Thursday, March 27, 2008

We're off.

March 16, Idabel, Oklahoma (44 miles, rodeo grounds.)

Opening day was yesterday; I wanted to see the show but couldn't, stuck in the trailer with three babies; Sarah leaves Gigi with me when she goes to work.
Short of people Jim asked Fridman if he could drive a truck over to the next location after finishing the second show and helping to take down the tent. He said yes. I felt him slide into bed some time after two in the morning, We woke up at five thirty to drive to the next town, Idabel, fifty miles away, the first in a long list of travels: the Kelly Miller Circus travels each and every day during the eight months it is on the road. It reminds Fridman, and me with him, of the first circus he worked at in the United States, Carson and Barnes, the circus in which we met when it stopped in Jacksonville, Illinois, and which also moved every day. The one good thing is that they travel in the morning, not at night like Circus Chimera; seeing the sun rise every morning I couldn't be happier, and then there is getting to see the country as we travel across states all the way to the east coast and back, I can't wait, I feel like a kid in a candy store.
It was pitch black still when we started out today but we had to wait a long time for Fridman's truck to be ready and when we drove into town the reddish pink arc of the sun was appearing above the tree-lined horizon in front of us. Highway 70 east was a straight shot through the southern Oklahoma countryside, pine trees towering along the road a little before Valliant, a small town dominated by a paper mill, smaller towns yet, lopsided houses, a run-down gas station and a brand new corrugated metal church building, long horns sitting in the grass, and then Idabel, "dogwood capital of Oklahoma." Why this obsession with being the capital of something in all these small towns? To make up for all that's not there?
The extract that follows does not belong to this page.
(* Consider the $2\times2$ TAHO scheme defined in the context, with $a=F'(0)>0$ and $\lambda\ge\|F'\|_\infty$, and let $m_1=\min_uM_1'(u)>0$, $m_2=\min_uM_2'(u)>0$ (minima over the range of $u$ under consideration). Suppose $$\Delta t\le\min\Big(\frac{1-\lambda\rho}{1+\gamma_1},\frac{1-\lambda\rho}{1-\gamma_2}\Big),$$ and, if $\lambda>2a$, $$\Delta x\le\frac{a^2}{\lambda+a},\qquad \rho\le\min\Big(\frac1\lambda,\ \frac{2\lambda^2m_1}{2a^2\lambda m_1+a_+a_-^2},\ \frac{2\lambda^2m_2}{2a^2\lambda m_2+a_+^2a_-}\Big),$$ while if $a<\lambda<2a$, the same conditions together with $\rho\ge\frac{|\lambda-2a|}{a^2-\Delta x\,a_-}$. Then the scheme satisfies the monotonicity conditions: for $i=1,2$ and all $u$ in the range under consideration, $(\mathcal{B}^i_l)'(u)\ge0$ for $l=-1,0,1$; $1-\rho q+\Delta t\big((\mathcal{B}^i_0)'(u)-\beta^i_0\big)\ge0$; $\frac{\rho(\lambda_i+q)}{2}+\Delta t\big((\mathcal{B}^i_{-1})'(u)-\beta^i_{-1}\big)\ge0$; $\frac{\rho(q-\lambda_i)}{2}+\Delta t\big((\mathcal{B}^i_1)'(u)-\beta^i_1\big)\ge0$.
   Context: Jin–Xin system: $\partial_tf^i+\lambda_i\partial_xf^i=M_i(u)-f^i$, $i=1,2$, scalar unknowns ($k=1$), $\lambda_1=-\lambda$, $\lambda_2=\lambda$, $\lambda>0$, $u=f^1+f^2$, with $F(u)=\lambda(M_2(u)-M_1(u))$ smooth, $F(0)=0$, $M_1+M_2=\mathrm{id}$; equivalently $u_t+v_x=0$, $v_t+\lambda^2u_x=F(u)-v$ with $v=\lambda(f^2-f^1)$. Set $a=F'(0)$, $a_\pm=\lambda\pm a$, $\rho=\Delta t/\Delta x$, $q=\lambda$. The $2\times2$ TAHO scheme is $$\frac{f^i_{j,n+1}-f^i_{j,n}}{\Delta t}+\frac{\lambda_i}{2\Delta x}(f^i_{j+1,n}-f^i_{j-1,n})-\frac{q}{2\Delta x}(f^i_{j+1,n}-2f^i_{j,n}+f^i_{j-1,n})=\sum_{l=-1,0,1}\big(\mathcal{B}^i_l(u_{j+l,n})-\beta^i_lf^i_{j+l,n}\big),$$ with scalar $\beta^i_l$ and functions $\mathcal{B}^i_l$ determined by: $\beta^i_{-1}+\beta^i_0+\beta^i_1=1-\frac{\rho}{2}\Delta x$; $\mathcal{B}^i_{-1}+\mathcal{B}^i_0+\mathcal{B}^i_1=M_i(u)(1-\frac{\rho}{2}\Delta x)$; $\beta^i_1-\beta^i_{-1}=\gamma_i$ and $\mathcal{B}^i_1-\mathcal{B}^i_{-1}=\Gamma_i$, where $\gamma_1=\frac{q}{2a_+}+\frac{a\rho}{2a_+}(2\lambda+a)$, $\gamma_2=-\frac{q}{2a_-}+\frac{a\rho}{2a_-}(2\lambda-a)$, $\Gamma_1(u)=\frac{q-a^2\rho}{2a_+}M_1(u)-\frac{a_-^2}{4\lambda}\rho u$, $\Gamma_2(u)=-\frac{q-a^2\rho}{2a_-}M_2(u)+\frac{a_+^2}{4\lambda}\rho u$; and finally $\beta^1_0=1-\gamma_1-\frac{\rho}{2}\Delta x$, $\beta^2_0=1+\gamma_2-\frac{\rho}{2}\Delta x$, and $\mathcal{B}^i_0$ is chosen with $(\mathcal{B}^i_0)'(u)=M_i'(u)-|\Gamma_i'(u)|-\frac{\rho}{2}\Delta x\,M_i'(u)$ for $i=1,2$. *)

theory Defs
  imports "HOL-Analysis.Analysis"
begin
Lucky this was not dogwood capital of the world; Gilroy, now a suburb south of San Jose, California, bills itself "the world's capital of garlic" (and what of baseball's World Series, for a sport that is by and large restricted to an American public.)
Same two shows again today, and again the call for help to drive a truck over to the next town down the road.
Finally, the first trip already brought a serving of circus fare: Sarah got stuck in the soggy terrain leaving the lot in Hugo, and had to be towed by one of the tractor trailers, only to get stuck once again upon entering the fairgrounds here.